Teori diatas didukung oleh hasil penelitian terdahulu yang menguji tentang pengaruh kepribadian terhadap perilaku bullying pada  siswa SMA Gorontalo. Hasil penelitian menunjukkan bahwa ada pengaruh negatif yang signifikan antara kepribadian dengan perilaku bullying. Semakin tinggi kepribadian seorang siswa, maka semakin rendah perilaku bullying siswa dan sebaliknya semakin rendah kepribadian, maka semakin tinggi perilaku bullying pada diri siswa (Usman, Vol. X No.1 Januari 2013). Hasil penelitian Atfiyanah (2013) juga menyarankan dalam saran teoritis untuk meneliti mengenai kecenderungan berperilaku bullying yang dipengaruhi oleh kepribadian dan pola asuh orang tua.
Setelah mengetahui berbagai fenomena yang menimbulkan penyebab dan dampak negatif yang ditimbulkan oleh perilaku bullying, maka peneliti menganggap bahwa bullying bukan perilaku yang terjadi sebagai fenomena yang biasa terjadi di kalangan remaja. Tetapi, perlu adanya penanganan yang khusus untuk mengatasi merebaknya perilaku bullying.
Mengingat fenomena bullying masih marak terjadi dan dapat menimbulkan dampak negatif, penulis tertarik untuk meneliti lebih lanjut tentang pengaruh big five personality dan pola asuh orang tua terhadap kecenderungan berperilaku bullying siswa SMKN 1 Rangkasbitung. Penelitian ini penting dilakukan untuk memperluas pengetahuan pembaca mengenai perilaku bullying. Disamping itu, penelitian ini penting dilakukan untuk mengetahui daerah yang tidak termasuk kedalam daerah yang memiliki tingkat perilaku bullying yang tinggi ini benar-benar tidak memiliki perilaku bullying atau bahkan ada tapi tidak terakses oleh media.
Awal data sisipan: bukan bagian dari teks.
lemma tanh_sign_pair_affine_symmetry:
  fixes \<alpha> \<beta> \<gamma> :: "'i \<Rightarrow> real"
  assumes "u1 \<noteq> u2" "s \<in> {-1, 1}" "\<beta> u2 \<noteq> 0"
    and "\<beta> u1 = s * \<beta> u2" "\<gamma> u1 = s * \<gamma> u2" "\<alpha> u2 = - s * \<alpha> u1"
  shows "affine_symmetry tanh 0 {u1, u2} \<alpha> \<beta> \<gamma>"
  unfolding affine_symmetry_def
proof (intro conjI allI notI)
  have tanh_odd: "tanh (s * x) = s * tanh x" for x
    using assms(2) by auto
  show "(\<Sum>u\<in>{u1, u2}. \<alpha> u * tanh (\<beta> u * t + \<gamma> u)) = 0" for t
    using assms(1,4-6) tanh_odd [of "\<beta> u2 * t + \<gamma> u2"] by (simp add: algebra_simps)
next
  assume "\<exists>I \<subset> {u1, u2}. lin_dep_with_one I (\<lambda>u t. tanh (\<beta> u * t + \<gamma> u))"
  then obtain I where "I \<subset> {u1, u2}" and dep: "lin_dep_with_one I (\<lambda>u t. tanh (\<beta> u * t + \<gamma> u))"
    by blast
  then consider "I = {}" | u where "u \<in> {u1, u2}" "I = {u}"
    by blast
  then show False
  proof cases
    case 1
    with dep show False
      by (simp add: lin_dep_with_one_def)
  next
    case 2
    then have "\<beta> u \<noteq> 0"
      using assms(2-4) by auto
    with 2 dep show False
      using not_lin_dep_with_one_tanh_singleton [of \<beta> u \<gamma>] by simp
  qed
qed auto

definition sign_twins :: "('a \<times> 'a) set \<Rightarrow> ('a \<Rightarrow> 'a \<Rightarrow> real) \<Rightarrow> ('a \<Rightarrow> real) \<Rightarrow> 'a \<Rightarrow> 'a \<Rightarrow> bool" where
  "sign_twins E w th u1 u2 \<longleftrightarrow>
     (\<exists>s \<in> {-1, 1::real}. par E u1 = par E u2 \<and>
        (\<forall>v \<in> par E u1. w u1 v = s * w u2 v) \<and> th u1 = s * th u2)"

lemma sign_twins_imp_reducible_tanh:
  assumes "gfnn V E Vin Vout w th lam"
    and "u1 \<in> V - Vin" "u2 \<in> V - Vin" "u1 \<noteq> u2" "sign_twins E w th u1 u2"
  shows "reducible tanh V E Vin w th"
proof -
  obtain s where s: "s \<in> {-1, 1}" and par: "par E u1 = par E u2"
    and w: "\<forall>v \<in> par E u1. w u1 v = s * w u2 v" and th: "th u1 = s * th u2"
    using assms(5) unfolding sign_twins_def by blast
  define U where "U = {u1, u2}"
  define \<kappa> where "\<kappa> v = w u2 v" for v
  define \<beta> where "\<beta> u = (if u = u1 then s else 1)" for u
  define \<alpha> where "\<alpha> u = (if u = u1 then 1 else - s)" for u
  have "affine_symmetry tanh 0 U \<alpha> \<beta> th"
    unfolding U_def using assms(4) s th
    by (intro tanh_sign_pair_affine_symmetry) (auto simp: \<alpha>_def \<beta>_def)
  moreover have "\<forall>v \<in> par E u1. \<kappa> v \<noteq> 0"
  proof -
    have "\<forall>v u. (v, u) \<in> E \<longrightarrow> w u v \<noteq> 0"
      using assms(1) unfolding gfnn_def by blast
    then show ?thesis
      unfolding par by (simp add: par_def \<kappa>_def)
  qed
  moreover have "\<forall>u \<in> U. \<forall>v \<in> par E u1. w u v = \<beta> u * \<kappa> v"
    using w assms(4) by (auto simp: U_def \<beta>_def \<kappa>_def)
  moreover have "\<forall>u \<in> U. \<beta> u \<noteq> 0" "\<forall>u \<in> U. \<alpha> u \<noteq> 0"
    using s by (auto simp: U_def \<alpha>_def \<beta>_def)
  moreover have "\<forall>u \<in> U. par E u = par E u1"
    using par by (auto simp: U_def)
  moreover have "U \<noteq> {}" "U \<subseteq> V - Vin"
    using assms(2,3) by (auto simp: U_def)
  ultimately show ?thesis
    unfolding reducible_def by blast
qed

lemma sign_multiple_if_abs_sgn_eq:
  fixes \<beta> \<beta>' \<gamma> \<gamma>' :: real
  assumes "\<beta> \<noteq> 0" "\<beta>' \<noteq> 0" "\<bar>\<beta>\<bar> = \<bar>\<beta>'\<bar>" "sgn \<beta> * \<gamma> = sgn \<beta>' * \<gamma>'"
  shows "\<exists>s \<in> {-1, 1}. \<beta> = s * \<beta>' \<and> \<gamma> = s * \<gamma>'"
  using assms by (cases "\<beta> > 0"; cases "\<beta>' > 0") (auto simp: sgn_if)

lemma tanh_affine_sgn_abs:
  fixes \<alpha> \<beta> \<gamma> t :: real
  assumes "\<beta> \<noteq> 0"
  shows "\<alpha> * tanh (\<beta> * t + \<gamma>) = (sgn \<beta> * \<alpha>) * tanh (\<bar>\<beta>\<bar> * t + sgn \<beta> * \<gamma>)"
proof (cases "\<beta> > 0")
  case False
  then have "\<bar>\<beta>\<bar> * t + sgn \<beta> * \<gamma> = - (\<beta> * t + \<gamma>)" using assms by simp
  then show ?thesis using False assms by (simp only: tanh_minus) simp
qed simp

lemma reducible_tanh_imp_sign_twins:
  assumes "reducible tanh V E Vin w th"
  shows "\<exists>u1 \<in> V - Vin. \<exists>u2 \<in> V - Vin. u1 \<noteq> u2 \<and> sign_twins E w th u1 u2"
proof (rule ccontr)
  assume no_twins: "\<not> ?thesis"
  obtain U P \<kappa> \<beta> \<zeta> \<alpha> where "U \<noteq> {}" "U \<subseteq> V - Vin" and par: "\<forall>u\<in>U. par E u = P"
    and \<beta>: "\<forall>u\<in>U. \<beta> u \<noteq> 0" and w: "\<forall>u\<in>U. \<forall>v\<in>P. w u v = \<beta> u * \<kappa> v"
    and \<alpha>: "\<forall>u\<in>U. \<alpha> u \<noteq> 0" and sym: "affine_symmetry tanh \<zeta> U \<alpha> \<beta> th"
    using assms unfolding reducible_def by blast
  have "finite U" and eq: "\<And>t. (\<Sum>u\<in>U. \<alpha> u * tanh (\<beta> u * t + th u)) = \<zeta>"
    using sym unfolding affine_symmetry_def by auto
  define b where "b u = \<bar>\<beta> u\<bar>" for u
  define c where "c u = sgn (\<beta> u) * th u" for u
  have eq_normalized: "(\<Sum>u\<in>U. (sgn (\<beta> u) * \<alpha> u) * tanh (b u * t + c u)) = \<zeta>" for t
  proof -
    have "\<alpha> u * tanh (\<beta> u * t + th u) = (sgn (\<beta> u) * \<alpha> u) * tanh (b u * t + c u)" if "u \<in> U" for u
      unfolding b_def c_def by (rule tanh_affine_sgn_abs) (use \<beta> that in blast)
    then have "(\<Sum>u\<in>U. \<alpha> u * tanh (\<beta> u * t + th u))
        = (\<Sum>u\<in>U. (sgn (\<beta> u) * \<alpha> u) * tanh (b u * t + c u))"
      by (rule sum.cong [OF refl])
    with eq [of t] show ?thesis
      by simp
  qed
  have b_pos: "0 < b u" if "u \<in> U" for u
    using \<beta> that by (simp add: b_def)
  have inj: "inj_on (\<lambda>u. (b u, c u)) U"
  proof (rule inj_onI)
    fix u u'
    assume "u \<in> U" "u' \<in> U" "(b u, c u) = (b u', c u')"
    then have "\<bar>\<beta> u\<bar> = \<bar>\<beta> u'\<bar>" "sgn (\<beta> u) * th u = sgn (\<beta> u') * th u'"
      by (simp_all add: b_def c_def)
    then obtain s where s: "s \<in> {-1, 1}" and "\<beta> u = s * \<beta> u'" "th u = s * th u'"
      using sign_multiple_if_abs_sgn_eq \<beta> \<open>u \<in> U\<close> \<open>u' \<in> U\<close> by blast
    moreover have "par E u = par E u'"
      using par \<open>u \<in> U\<close> \<open>u' \<in> U\<close> by simp
    moreover have "\<forall>v \<in> par E u. w u v = s * w u' v"
      using par w \<open>u \<in> U\<close> \<open>u' \<in> U\<close> \<open>\<beta> u = s * \<beta> u'\<close> by simp
    ultimately have "sign_twins E w th u u'"
      unfolding sign_twins_def by blast
    then show "u = u'"
      using no_twins \<open>U \<subseteq> V - Vin\<close> \<open>u \<in> U\<close> \<open>u' \<in> U\<close> by blast
  qed
  obtain u where "u \<in> U"
    using \<open>U \<noteq> {}\<close> by blast
  have "sgn (\<beta> u) * \<alpha> u = 0"
    using tanh_sum_const_imp_coeffs_zero [OF \<open>finite U\<close> b_pos inj eq_normalized \<open>u \<in> U\<close>] .
  then show False
    using \<alpha> \<beta> \<open>u \<in> U\<close> by (simp add: sgn_eq_0_iff)
qed

theorem lemma1:
  fixes V Vin Vout :: "'a set" and E :: "('a \<times> 'a) set"
    and w :: "'a \<Rightarrow> 'a \<Rightarrow> real" and th lam :: "'a \<Rightarrow> real"
  assumes "gfnn V E Vin Vout w th lam"
  shows "irreducible tanh V E Vin w th \<longleftrightarrow>
    \<not> (\<exists>u1 \<in> V - Vin. \<exists>u2 \<in> V - Vin. u1 \<noteq> u2 \<and>
          (\<exists>s \<in> {-1, 1::real}. par E u1 = par E u2 \<and>
             (\<forall>v \<in> par E u1. w u1 v = s * w u2 v) \<and> th u1 = s * th u2))"
  using reducible_tanh_imp_sign_twins [of V E Vin w th] sign_twins_imp_reducible_tanh [OF assms]
  unfolding irreducible_def sign_twins_def by blast

end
Jika daerah tersebut terdapat kecenderungan untuk berperilaku bullying diharapkan untuk bisa menjadi sarana pencegahan agar tidak terjadi perilaku bullying yang lebih berbahaya lagi. Oleh karenanya penulis menganggap penelitian ini masih penting untuk diteliti.
Batasan Permasalahan
Agar penelitian ini tidak menyimpang dari sasaran yang dikehendaki dan supaya lebih terarah perlu dilakukan pembatasan masalah, yaitu:
a.       Kecenderungan berperilaku bullying  yang dimaksudkan dalam penelitian ini adalah kecenderungan untuk bertingkah laku dan berperilaku bullying yaitu bersikap negative untuk merendahkan orang lain, untuk menyakiti orang lain yang melibatkan ketidaksesuaian kekuatan yang dilakukan secara berulang-ulang. Dalam penelitian ini kecenderungan berperilaku bullying  meliputi bullying fisik, verbal, dan psikis.
b.      Personality yang dimaksudkan adalah personality big five BFQ-C (McCrae &
Costa)
yaitu Openness, emotional instability, extraversion, agreeableness, conscientiousness.
c.       Pola asuh orang tua yang dimaksudkan disini adalah pola asuh dari Baumrind, diantaranya authoritative, authoritarian parenting, punitive parents.

d.      Siswa yang dimaksudkan dalam penelitian ini adalah remaja laki-laki dan perempuan kelas X, XI, XII yang berstatus sebagai pelajar di SMKN 1 Rangkasbitung yang mengikuti organisasi extrakulikuler di sekolah.
Perumusan Masalah
a.       Apakah ada pengaruh dimensi-dimensi personality dan dimensi-dimensi pola asuh orang tua terhadap kecenderungan berprilaku bullying siswa yang mengikuti organisasi extrakulikuler di SMK N 1 Rangkasbitung?
b.      Seberapa besar pengaruh dimensi-dimensi personality, dan pola asuh orang tua terhadap kecenderungan berprilaku bullying siswa yang mengikuti organisasi extrakulikuler di SMK N 1 Rangkasbitung?